Final results in each state could take days. Pennsylvania Secretary of State Kathy Boockvar said on Thursday afternoon the state still had about 350,000 ballots yet to count but expected the vast majority to be tallied by Friday.
In Georgia, Gabriel Sterling, an election official, said it would “take time” to process tens of thousands of remaining ballots. Arizona, where there were at least 400,000 ballots remaining, and Nevada, which had 190,000 uncounted votes, were also expected to take days to complete their tallies.
Trump’s remarks followed a series of Twitter posts from Trump earlier in the day that called for vote counting to stop, even though he currently trails Biden in enough states to hand the Democrat the presidency.
Trump’s campaign, meanwhile, pursued a flurry of lawsuits in Georgia, Michigan, Nevada and Pennsylvania, though judges in Georgia and Michigan quickly rejected the challenges. Legal experts said the cases had little chance of affecting the electoral outcome.
Biden wrote on Twitter shortly after Trump’s White House appearance, “No one is going to take our democracy away from us.” In earlier remarks from his hometown of Wilmington, Delaware, Biden expressed confidence he would win and urged calm as votes were tallied.

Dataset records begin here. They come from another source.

lemma less_gromov_prod'_iff:
  "r < gromov_prod' x0 x y \<longleftrightarrow> (\<exists>zs. successively (\<lambda>a b. r < gromov_prod x0 a b) (x # zs @ [y]))"
proof -
  define C where "C = {chain_min x0 xs | xs. 2 \<le> length xs \<and> hd xs = x \<and> last xs = y}"
  have "chain_min x0 [x, y] \<in> C"
    unfolding C_def by force
  moreover have "bdd_above C"
    unfolding C_def using chain_min_le_hd by (intro bdd_aboveI[of _ "dist x0 x"]) auto
  ultimately have "r < gromov_prod' x0 x y \<longleftrightarrow> (\<exists>c\<in>C. r < c)"
    unfolding gromov_prod'_def C_def[symmetric] by (intro less_cSup_iff) auto
  also have "\<dots> \<longleftrightarrow> (\<exists>xs. (2 \<le> length xs \<and> hd xs = x \<and> last xs = y) \<and>
      successively (\<lambda>a b. r < gromov_prod x0 a b) xs)"
    unfolding C_def using less_chain_min_iff by blast
  finally show ?thesis
    unfolding length_ge_2_hd_last_iff by blast
qed

lemma gromov_prod_le_gromov_prod': "gromov_prod x0 x y \<le> gromov_prod' x0 x y"
proof (rule dense_le)
  fix r assume "r < gromov_prod x0 x y"
  then have "successively (\<lambda>a b. r < gromov_prod x0 a b) (x # [] @ [y])"
    by simp
  then show "r \<le> gromov_prod' x0 x y"
    using less_gromov_prod'_iff less_imp_le by blast
qed

lemma gromov_prod'_le_left: "gromov_prod' x0 x y \<le> dist x0 x"
proof (rule dense_le)
  fix r assume "r < gromov_prod' x0 x y"
  then obtain zs where "successively (\<lambda>a b. r < gromov_prod x0 a b) (x # zs @ [y])"
    unfolding less_gromov_prod'_iff ..
  then have "r < gromov_prod x0 x (hd (zs @ [y]))"
    by (simp add: successively_Cons)
  then show "r \<le> dist x0 x"
    using gromov_prod_le_left[of x0 x] by (meson less_imp_le order.trans)
qed

lemma gromov_prod'_commute: "gromov_prod' x0 x y = gromov_prod' x0 y x"
proof -
  have "r < gromov_prod' x0 y x" if "r < gromov_prod' x0 x y" for x y :: 'a and r
  proof -
    from that obtain zs where "successively (\<lambda>a b. r < gromov_prod x0 a b) (x # zs @ [y])"
      unfolding less_gromov_prod'_iff ..
    then have "successively (\<lambda>a b. r < gromov_prod x0 b a) (y # rev zs @ [x])"
      using successively_rev[of _ "x # zs @ [y]"] by simp
    then have "successively (\<lambda>a b. r < gromov_prod x0 a b) (y # rev zs @ [x])"
      by (rule successively_mono) (simp add: gromov_prod_commute)
    then show ?thesis
      unfolding less_gromov_prod'_iff ..
  qed
  then have "gromov_prod' x0 x y \<le> gromov_prod' x0 y x" for x y :: 'a
    by (meson dense_le less_imp_le)
  then show ?thesis
    by (simp add: order.antisym)
qed

lemma gromov_prod'_le_right: "gromov_prod' x0 x y \<le> dist x0 y"
  unfolding gromov_prod'_commute[of x0 x y] by (rule gromov_prod'_le_left)

lemma min_gromov_prod'_le: "min (gromov_prod' x0 x y) (gromov_prod' x0 y z) \<le> gromov_prod' x0 x z"
proof (rule dense_le)
  fix r
  let ?P = "\<lambda>a b. r < gromov_prod x0 a b"
  assume "r < min (gromov_prod' x0 x y) (gromov_prod' x0 y z)"
  then obtain zs ws where "successively ?P ((x # zs) @ [y])" and "successively ?P (y # ws @ [z])"
    unfolding min_less_iff_conj less_gromov_prod'_iff by auto
  then have "successively ?P ((x # zs) @ y # ws @ [z])"
    by (rule successively_append_ConsI)
  then have "r < gromov_prod' x0 x z"
    unfolding less_gromov_prod'_iff by (intro exI[of _ "zs @ y # ws"]) simp
  then show "r \<le> gromov_prod' x0 x z"
    by simp
qed

lemma gromov_prod'_self: "gromov_prod' x0 x x = dist x0 x"
  using gromov_prod_le_gromov_prod'[of x0 x x] gromov_prod'_le_left[of x0 x x]
  by (simp add: gromov_prod_self)

lemma gromov_prod'_base: "gromov_prod' x0 x0 y = 0"
  using gromov_prod_le_gromov_prod'[of x0 x0 y] gromov_prod'_le_left[of x0 x0 y]
  by (simp add: gromov_prod_base)

lemma dist'_commute: "dist' x0 x y = dist' x0 y x"
  unfolding dist'_def gromov_prod'_commute[of x0 x y] by simp

lemma dist'_base: "dist' x0 x0 x = dist x0 x"
  unfolding dist'_def gromov_prod'_base by simp

lemma dist'_eq_if_dist'_0:
  assumes "dist' x0 x a = 0"
  shows "dist' x0 a y = dist' x0 x y"
proof -
  have "gromov_prod' x0 x a \<le> dist x0 x" "gromov_prod' x0 x a \<le> dist x0 a"
    by (rule gromov_prod'_le_left gromov_prod'_le_right)+
  with assms have da: "dist x0 a = dist x0 x" and xa: "gromov_prod' x0 x a = dist x0 x"
    unfolding dist'_def by linarith+
  have "min (gromov_prod' x0 a x) (gromov_prod' x0 x y) \<le> gromov_prod' x0 a y"
    "min (gromov_prod' x0 x a) (gromov_prod' x0 a y) \<le> gromov_prod' x0 x y"
    by (rule min_gromov_prod'_le)+
  moreover have "gromov_prod' x0 x y \<le> dist x0 x" "gromov_prod' x0 a y \<le> dist x0 a"
    by (rule gromov_prod'_le_left)+
  ultimately have "gromov_prod' x0 a y = gromov_prod' x0 x y"
    using da xa gromov_prod'_commute[of x0 a x] by (simp add: min.absorb2)
  then show ?thesis
    unfolding dist'_def da by simp
qed

lemma dist'_tclass_some: "dist' x0 x (SOME a. a \<in> tclass x0 x) = 0"
proof -
  have "x \<in> tclass x0 x"
    unfolding tclass_def dist'_def by (simp add: gromov_prod'_self)
  then have "(SOME a. a \<in> tclass x0 x) \<in> tclass x0 x"
    by (rule someI)
  then show ?thesis
    unfolding tclass_def by simp
qed

lemma dstar_tclass: "dstar x0 (tclass x0 x) (tclass x0 y) = dist' x0 x y"
  unfolding dstar_def
  using dist'_eq_if_dist'_0[OF dist'_tclass_some] dist'_commute by metis

lemma gromov_prod_star_tclass:
  "gromov_prod_star x0 (tclass x0 x) (tclass x0 y) = gromov_prod' x0 x y"
  unfolding gromov_prod_star_def dstar_tclass dist'_base by (simp add: dist'_def)

lemma geodesic_path:
  fixes x y :: "'a::metric_space"
  assumes "geodesic_space TYPE('a)"
  obtains g where "path g" "pathstart g = x" "pathfinish g = y"
    "\<And>z. z \<in> path_image g \<Longrightarrow> dist x z + dist z y = dist x y"
proof -
  define D where "D = dist x y"
  obtain \<gamma> :: "real \<Rightarrow> 'a" where "\<gamma> 0 = x" "\<gamma> D = y"
    and iso: "\<And>s t. s \<in> {0..D} \<Longrightarrow> t \<in> {0..D} \<Longrightarrow> dist (\<gamma> s) (\<gamma> t) = \<bar>s - t\<bar>"
    using assms unfolding geodesic_space_def D_def by blast
  define g where "g t = \<gamma> (t * D)" for t
  have "0 \<le> D"
    unfolding D_def by simp
  then have scaled: "t * D \<in> {0..D}" if "t \<in> {0..1}" for t
    using that mult_left_le_one_le[of D t] by auto
  have "D-lipschitz_on {0..1} g"
  proof (rule lipschitz_onI)
    fix s t :: real
    assume "s \<in> {0..1}" "t \<in> {0..1}"
    then have "dist (g s) (g t) = \<bar>s * D - t * D\<bar>"
      unfolding g_def by (intro iso scaled)
    also have "\<dots> = D * dist s t"
      using \<open>0 \<le> D\<close> by (simp add: dist_real_def abs_mult left_diff_distrib[symmetric])
    finally show "dist (g s) (g t) \<le> D * dist s t"
      by simp
  qed (fact \<open>0 \<le> D\<close>)
  then have "path g"
    unfolding path_def by (rule lipschitz_on_continuous_on)
  moreover have "dist x z + dist z y = dist x y" if z_in: "z \<in> path_image g" for z
  proof -
    obtain t where t: "t \<in> {0..1}" and "z = g t"
      using z_in unfolding path_image_def by auto
    have z: "z = \<gamma> (t * D)"
      using \<open>z = g t\<close> unfolding g_def .
    have "dist x z = t * D" "dist z y = D - t * D"
      using iso[of 0 "t * D"] iso[of "t * D" D] scaled[OF t] \<open>0 \<le> D\<close>
      unfolding z \<open>\<gamma> 0 = x\<close>[symmetric] \<open>\<gamma> D = y\<close>[symmetric] by auto
    then show ?thesis
      unfolding D_def by simp
  qed
  moreover have "pathstart g = x" "pathfinish g = y"
    unfolding pathstart_def pathfinish_def g_def using \<open>\<gamma> 0 = x\<close> \<open>\<gamma> D = y\<close> by auto
  ultimately show ?thesis
    using that by blast
qed

lemma path_component_if_less_gromov_prod:
  fixes x0 x y :: "'a::metric_space"
  assumes "geodesic_space TYPE('a)" and "r < gromov_prod x0 x y"
  shows "path_component (- cball x0 r) x y"
proof -
  obtain g where "path g" "pathstart g = x" "pathfinish g = y"
    and between: "\<And>z. z \<in> path_image g \<Longrightarrow> dist x z + dist z y = dist x y"
    using geodesic_path[OF assms(1)] by blast
  moreover have "path_image g \<subseteq> - cball x0 r"
  proof
    fix z
    assume "z \<in> path_image g"
    then have "gromov_prod x0 x y \<le> dist x0 z"
      by (rule gromov_prod_le_dist_between[OF between])
    with assms(2) show "z \<in> - cball x0 r"
      by simp
  qed
  ultimately show ?thesis
    unfolding path_component_def by blast
qed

Democratic US presidential nominee Joe Biden is accompanied by vice presidential nominee Kamala Harris as he makes a statement on the 2020 US presidential election results during a brief appearance before reporters in Wilmington, Delaware, US, November 5, 2020. -REUTERS
“Democracy’s sometimes messy,” Biden said. “It sometimes requires a little patience as well. But that patience has been rewarded now for more than 240 years in a system of governance that has been the envy of the world.”